- _EXERCISE DESCRIPTION_
The response should consist of the data reproduced word for word.

[Stored items]
______________________________
definition utree :: "('a \<Rightarrow> 'a) \<Rightarrow> 'a set \<Rightarrow> bool" where
  "utree f S \<longleftrightarrow> uconnected f S \<and> uacyclic f S"

definition rooted_tree :: "('a \<Rightarrow> 'a) \<Rightarrow> 'a set \<Rightarrow> 'a \<Rightarrow> bool" where
  "rooted_tree f S r \<longleftrightarrow> r \<in> S \<and> f r \<notin> S \<and> (\<forall>v\<in>S. f v \<notin> S \<longrightarrow> v = r) \<and>
     (\<forall>v\<in>S. \<exists>n. (f ^^ n) v = r \<and> (\<forall>i\<le>n. (f ^^ i) v \<in> S)) \<and> utree f S"

definition graph_type1 :: "'a set \<Rightarrow> 'a \<Rightarrow> ('a \<Rightarrow> 'a) \<Rightarrow> bool" where
  "graph_type1 M pt f \<longleftrightarrow> (\<exists>r. rooted_tree f (M - {pt}) r)"

definition graph_type2 :: "'a set \<Rightarrow> 'a \<Rightarrow> ('a \<Rightarrow> 'a) \<Rightarrow> bool" where
  "graph_type2 M pt f \<longleftrightarrow> (\<exists>T r (v :: nat \<Rightarrow> 'a). finite T \<and> rooted_tree f T r \<and> inj v \<and>
     range v \<inter> T = {} \<and> M - {pt} = T \<union> range v \<and> f r = v 0 \<and>
     (\<forall>i. f (v i) = v (Suc i)))"

definition graph_type3 :: "'a set \<Rightarrow> 'a \<Rightarrow> ('a \<Rightarrow> 'a) \<Rightarrow> bool" where
  "graph_type3 M pt f \<longleftrightarrow> (\<exists>c (k::nat) P.
     let C = (\<lambda>i. (f ^^ i) c) ` {..<k} in
     k \<ge> 1 \<and> (f ^^ k) c = c \<and> inj_on (\<lambda>i. (f ^^ i) c) {..<k} \<and> C \<subseteq> M - {pt} \<and>
     (\<forall>T\<in>P. \<exists>r. rooted_tree f T r \<and> f r \<in> C) \<and> pairwise disjnt P \<and> {} \<notin> P \<and>
     \<Union>P = (M - {pt}) - C)"

text \<open>(M1,p1,f1): module over \<langle>t\<rangle> (f1 = action of t), sections on U1;
  (M2,p2,f2): module over \<langle>t^-1\<rangle> (f2 = action of t^-1), sections on U2;
  phi: gluing isomorphism of \<langle>t,t^-1\<rangle>-modules between the localizations, where
  t acts on loc M1 by loc_fwd M1 f1 and on loc M2 by loc_bwd M2 f2.\<close>

definition coherent_triple :: "'a set \<Rightarrow> 'a \<Rightarrow> ('a \<Rightarrow> 'a) \<Rightarrow> 'a set \<Rightarrow> 'a \<Rightarrow> ('a \<Rightarrow> 'a)
    \<Rightarrow> (('a \<times> nat) set \<Rightarrow> ('a \<times> nat) set) \<Rightarrow> bool" where
  "coherent_triple M1 p1 f1 M2 p2 f2 phi \<longleftrightarrow>
     is_mod M1 p1 f1 \<and> fin_gen M1 p1 f1 \<and> is_mod M2 p2 f2 \<and> fin_gen M2 p2 f2 \<and>
     lmod_iso (loc M1 f1) (loc_pt M1 f1 p1) (loc_fwd M1 f1)
              (loc M2 f2) (loc_pt M2 f2 p2) (loc_bwd M2 f2) phi"

text \<open>Direct sum decomposition into two nonzero coherent subsheaves: wedge splittings of
  both modules compatible with the gluing.\<close>
definition triple_decomposable :: "'a set \<Rightarrow> 'a \<Rightarrow> ('a \<Rightarrow> 'a) \<Rightarrow> 'a set \<Rightarrow> 'a \<Rightarrow> ('a \<Rightarrow> 'a)
    \<Rightarrow> (('a \<times> nat) set \<Rightarrow> ('a \<times> nat) set) \<Rightarrow> bool" where
  "triple_decomposable M1 p1 f1 M2 p2 f2 phi \<longleftrightarrow> (\<exists>A1 B1 A2 B2.
     mod_split M1 p1 f1 A1 B1 \<and> mod_split M2 p2 f2 A2 B2 \<and>
     (\<forall>a\<in>A1. \<forall>i. phi (cls M1 f1 (a, i)) \<in> {cls M2 f2 (b, j) | b j. b \<in> A2}) \<and>
     (\<forall>a\<in>B1. \<forall>i. phi (cls M1 f1 (a, i)) \<in> {cls M2 f2 (b, j) | b j. b \<in> B2}) \<and>
     (A1 \<noteq> {p1} \<or> A2 \<noteq> {p2}) \<and> (B1 \<noteq> {p1} \<or> B2 \<noteq> {p2}))"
______________________________
- _EXERCISE OUTPUT_
definition utree :: "('a \<Rightarrow> 'a) \<Rightarrow> 'a set \<Rightarrow> bool" where
  "utree f S \<longleftrightarrow> uconnected f S \<and> uacyclic f S"

definition rooted_tree :: "('a \<Rightarrow> 'a) \<Rightarrow> 'a set \<Rightarrow> 'a \<Rightarrow> bool" where
  "rooted_tree f S r \<longleftrightarrow> r \<in> S \<and> f r \<notin> S \<and> (\<forall>v\<in>S. f v \<notin> S \<longrightarrow> v = r) \<and>
     (\<forall>v\<in>S. \<exists>n. (f ^^ n) v = r \<and> (\<forall>i\<le>n. (f ^^ i) v \<in> S)) \<and> utree f S"

definition graph_type1 :: "'a set \<Rightarrow> 'a \<Rightarrow> ('a \<Rightarrow> 'a) \<Rightarrow> bool" where
  "graph_type1 M pt f \<longleftrightarrow> (\<exists>r. rooted_tree f (M - {pt}) r)"

definition graph_type2 :: "'a set \<Rightarrow> 'a \<Rightarrow> ('a \<Rightarrow> 'a) \<Rightarrow> bool" where
  "graph_type2 M pt f \<longleftrightarrow> (\<exists>T r (v :: nat \<Rightarrow> 'a). finite T \<and> rooted_tree f T r \<and> inj v \<and>
     range v \<inter> T = {} \<and> M - {pt} = T \<union> range v \<and> f r = v 0 \<and>
     (\<forall>i. f (v i) = v (Suc i)))"

definition graph_type3 :: "'a set \<Rightarrow> 'a \<Rightarrow> ('a \<Rightarrow> 'a) \<Rightarrow> bool" where
  "graph_type3 M pt f \<longleftrightarrow> (\<exists>c (k::nat) P.
     let C = (\<lambda>i. (f ^^ i) c) ` {..<k} in
     k \<ge> 1 \<and> (f ^^ k) c = c \<and> inj_on (\<lambda>i. (f ^^ i) c) {..<k} \<and> C \<subseteq> M - {pt} \<and>
     (\<forall>T\<in>P. \<exists>r. rooted_tree f T r \<and> f r \<in> C) \<and> pairwise disjnt P \<and> {} \<notin> P \<and>
     \<Union>P = (M - {pt}) - C)"

text \<open>(M1,p1,f1): module over \<langle>t\<rangle> (f1 = action of t), sections on U1;
  (M2,p2,f2): module over \<langle>t^-1\<rangle> (f2 = action of t^-1), sections on U2;
  phi: gluing isomorphism of \<langle>t,t^-1\<rangle>-modules between the localizations, where
  t acts on loc M1 by loc_fwd M1 f1 and on loc M2 by loc_bwd M2 f2.\<close>

definition coherent_triple :: "'a set \<Rightarrow> 'a \<Rightarrow> ('a \<Rightarrow> 'a) \<Rightarrow> 'a set \<Rightarrow> 'a \<Rightarrow> ('a \<Rightarrow> 'a)
    \<Rightarrow> (('a \<times> nat) set \<Rightarrow> ('a \<times> nat) set) \<Rightarrow> bool" where
  "coherent_triple M1 p1 f1 M2 p2 f2 phi \<longleftrightarrow>
     is_mod M1 p1 f1 \<and> fin_gen M1 p1 f1 \<and> is_mod M2 p2 f2 \<and> fin_gen M2 p2 f2 \<and>
     lmod_iso (loc M1 f1) (loc_pt M1 f1 p1) (loc_fwd M1 f1)
              (loc M2 f2) (loc_pt M2 f2 p2) (loc_bwd M2 f2) phi"

text \<open>Direct sum decomposition into two nonzero coherent subsheaves: wedge splittings of
  both modules compatible with the gluing.\<close>
definition triple_decomposable :: "'a set \<Rightarrow> 'a \<Rightarrow> ('a \<Rightarrow> 'a) \<Rightarrow> 'a set \<Rightarrow> 'a \<Rightarrow> ('a \<Rightarrow> 'a)
    \<Rightarrow> (('a \<times> nat) set \<Rightarrow> ('a \<times> nat) set) \<Rightarrow> bool" where
  "triple_decomposable M1 p1 f1 M2 p2 f2 phi \<longleftrightarrow> (\<exists>A1 B1 A2 B2.
     mod_split M1 p1 f1 A1 B1 \<and> mod_split M2 p2 f2 A2 B2 \<and>
     (\<forall>a\<in>A1. \<forall>i. phi (cls M1 f1 (a, i)) \<in> {cls M2 f2 (b, j) | b j. b \<in> A2}) \<and>
     (\<forall>a\<in>B1. \<forall>i. phi (cls M1 f1 (a, i)) \<in> {cls M2 f2 (b, j) | b j. b \<in> B2}) \<and>
     (A1 \<noteq> {p1} \<or> A2 \<noteq> {p2}) \<and> (B1 \<noteq> {p1} \<or> B2 \<noteq> {p2}))"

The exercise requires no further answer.